The defendant next contends that the trial court committed prejudicial error by forcing the jury to reach a verdict by threatening to send the jurors to a hotel for the night if they did not reach a verdict in half an hour. The trouble with this contention is that the facts upon which it is based do not appear in the record. The record shows that the case was given to the jury a little after noon. It deliberated for several hours, and twice returned to the courtroom for instructions. It again returned to the courtroom at 12:35 a. m. The trial court asked the jury how it stood, and was told that it had reached verdicts on two counts, but stood eleven-to-one on the other two counts. The trial judge then stated that he would give the jury the option of further deliberating or of going to a hotel for the night, and suggested that they return to the jury room to discuss the matter. It was ascertained from the jury, by agreement of counsel, that the jury was then undecided on the Pearce and Pothier counts. The jury returned at 1:37 a. m. with verdicts on all four counts, acquitting defendant on the Pearce count and convicting him on the Pothier count. [11] The purported statements by the trial court which might constitute a threat or coercion, and which defendant's counsel claims were made, just do not appear in the record. Not being based on the record, and no steps to augment having been made, the point raised cannot and should not be considered.
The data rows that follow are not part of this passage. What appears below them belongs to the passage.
(* For any test-fee structure $(G,\phi)$ with $\phi_d<0$ or $\phi_t<0$, there exists a test-fee structure $(G',\phi')$ with $\phi'_t\ge0$ and $\phi'_d\ge0$ such that $R(G,\phi)<R(G',\phi')$.
   Context: The asset value $\theta\sim F$ with support in $[\underline{\theta},\overline{\theta}]$ ($0\le\underline{\theta}<\overline{\theta}<\infty$ the extreme support points) and mean $\mu$. $\Gamma(F)$ is the set of mean-preserving contractions of $F$ (CDFs $G$ on $[\underline{\theta},\overline{\theta}]$ with $\int_{\underline{\theta}}^x G\le\int_{\underline{\theta}}^x F$ for all $x$, equality at $\overline{\theta}$), equivalently the score distributions of unbiased tests. A test-fee structure is $(G,\phi)$ with $G\in\Gamma(F)$, $\phi=(\phi_t,\phi_d)\in\mathbb{R}^2$. In the induced game the agent, not observing $\theta$, decides whether to pay $\phi_t$ to privately observe a score $s\sim G$, then whether to pay $\phi_d$ to verifiably disclose it to two buyers who otherwise see a null message; buyers bid in a first-price auction; the agent gets price minus fees. Equilibrium is perfect Bayesian equilibrium. With $\sigma_t$ the testing probability and $\sigma_d(s)$ the disclosure probability, the intermediary's revenue is $\sigma_t(\phi_t+\phi_d\int\sigma_d\,dG)$, and $R(G,\phi)$ is the infimum of this revenue over all equilibria. *)

theory Defs
  imports "HOL-Probability.Probability"
begin

definition dist_on :: "real \<Rightarrow> real \<Rightarrow> real measure \<Rightarrow> bool" where
  "dist_on a b M \<longleftrightarrow> prob_space M \<and> sets M = sets borel \<and> measure M {a..b} = 1"

(* Standing assumptions on the asset-value distribution F:
   support in [a,b], 0 <= a < b, and a, b are the extreme support points. *)
definition asset_dist :: "real \<Rightarrow> real \<Rightarrow> real measure \<Rightarrow> bool" where
  "asset_dist a b F \<longleftrightarrow> 0 \<le> a \<and> a < b \<and> dist_on a b F \<and>
     (\<forall>e>0. measure F {a..<a+e} > 0 \<and> measure F {b-e<..b} > 0)"

(* Gamma(F): mean-preserving contractions of F (via the CDFs). *)
definition MPC :: "real \<Rightarrow> real \<Rightarrow> real measure \<Rightarrow> real measure \<Rightarrow> bool" where
  "MPC a b F G \<longleftrightarrow> dist_on a b G \<and>
     (\<forall>x\<in>{a..b}. integral {a..x} (cdf G) \<le> integral {a..x} (cdf F)) \<and>
     integral {a..b} (cdf G) = integral {a..b} (cdf F)"

(* Perfect Bayesian equilibrium of the induced game, in reduced form:
   st = testing probability, sd = disclosure strategy (score -> probability),
   beta = the price (buyers' posterior mean) after the null message.
   A disclosed score s yields price s (unbiased test; two-buyer first-price
   auction with common value yields price = posterior mean). *)
definition equilibrium ::
  "real \<Rightarrow> real \<Rightarrow> real measure \<Rightarrow> real measure \<Rightarrow> real \<Rightarrow> real \<Rightarrow>
   real \<Rightarrow> (real \<Rightarrow> real) \<Rightarrow> real \<Rightarrow> bool" where
  "equilibrium a b F G pt pd st sd beta \<longleftrightarrow>
     st \<in> {0..1} \<and> sd \<in> borel_measurable borel \<and> (\<forall>s. sd s \<in> {0..1}) \<and>
     (\<forall>s. s - pd > beta \<longrightarrow> sd s = 1) \<and>
     (\<forall>s. s - pd < beta \<longrightarrow> sd s = 0) \<and>
     (let VT = - pt + (\<integral>s. sd s * (s - pd) + (1 - sd s) * beta \<partial>G) in
        (st > 0 \<longrightarrow> VT \<ge> beta) \<and> (st < 1 \<longrightarrow> VT \<le> beta)) \<and>
     beta \<in> {a..b} \<and>
     (let pn = (1 - st) + st * (\<integral>s. 1 - sd s \<partial>G) in
        pn > 0 \<longrightarrow>
        beta = ((1 - st) * (\<integral>x. x \<partial>F) + st * (\<integral>s. s * (1 - sd s) \<partial>G)) / pn)"

definition revenue :: "real measure \<Rightarrow> real \<Rightarrow> real \<Rightarrow> real \<Rightarrow> (real \<Rightarrow> real) \<Rightarrow> real" where
  "revenue G pt pd st sd = st * (pt + pd * (\<integral>s. sd s \<partial>G))"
[12] The last contention of defendant necessary to mention is his objection to the trial court permitting the accomplice Stanton to testify as to the facts of the crime as a prosecution rebuttal witness. Defendant urges that this evidence should have been introduced by the prosecution as part of its case in chief. The state argues that the defendant as a witness on his own behalf had repudiated the confession and that this evidence was offered to rebut the testimony of defendant. (See People v. Gerbel, 71 Cal. App. 2d 325 [162 P.2d 946]; People v. Moore, 81 Cal. App. 2d 799 [185 P.2d 32].) Probably this testimony of Stanton's, being directed to *519 the commission of the two Pelsinger counts, was technically part of the prosecution's case in chief. But defendant did not claim surprise, nor move for a continuance, nor ask to introduce further evidence. [13] The trial court, of course, has wide discretion in permitting, upon motion, the prosecution to reopen the case in chief. This being so, no prejudicial error occurred in permitting the evidence. (McBride v. Clara Barton Hospital, 75 Cal. App. 161 [241 P. 941]; Mastro v. City of San Diego, 17 Cal. App. 2d 331 [62 P.2d 407].)

The order and judgment appealed from are affirmed.

Bray, J., and Wood (Fred B.), J., concurred.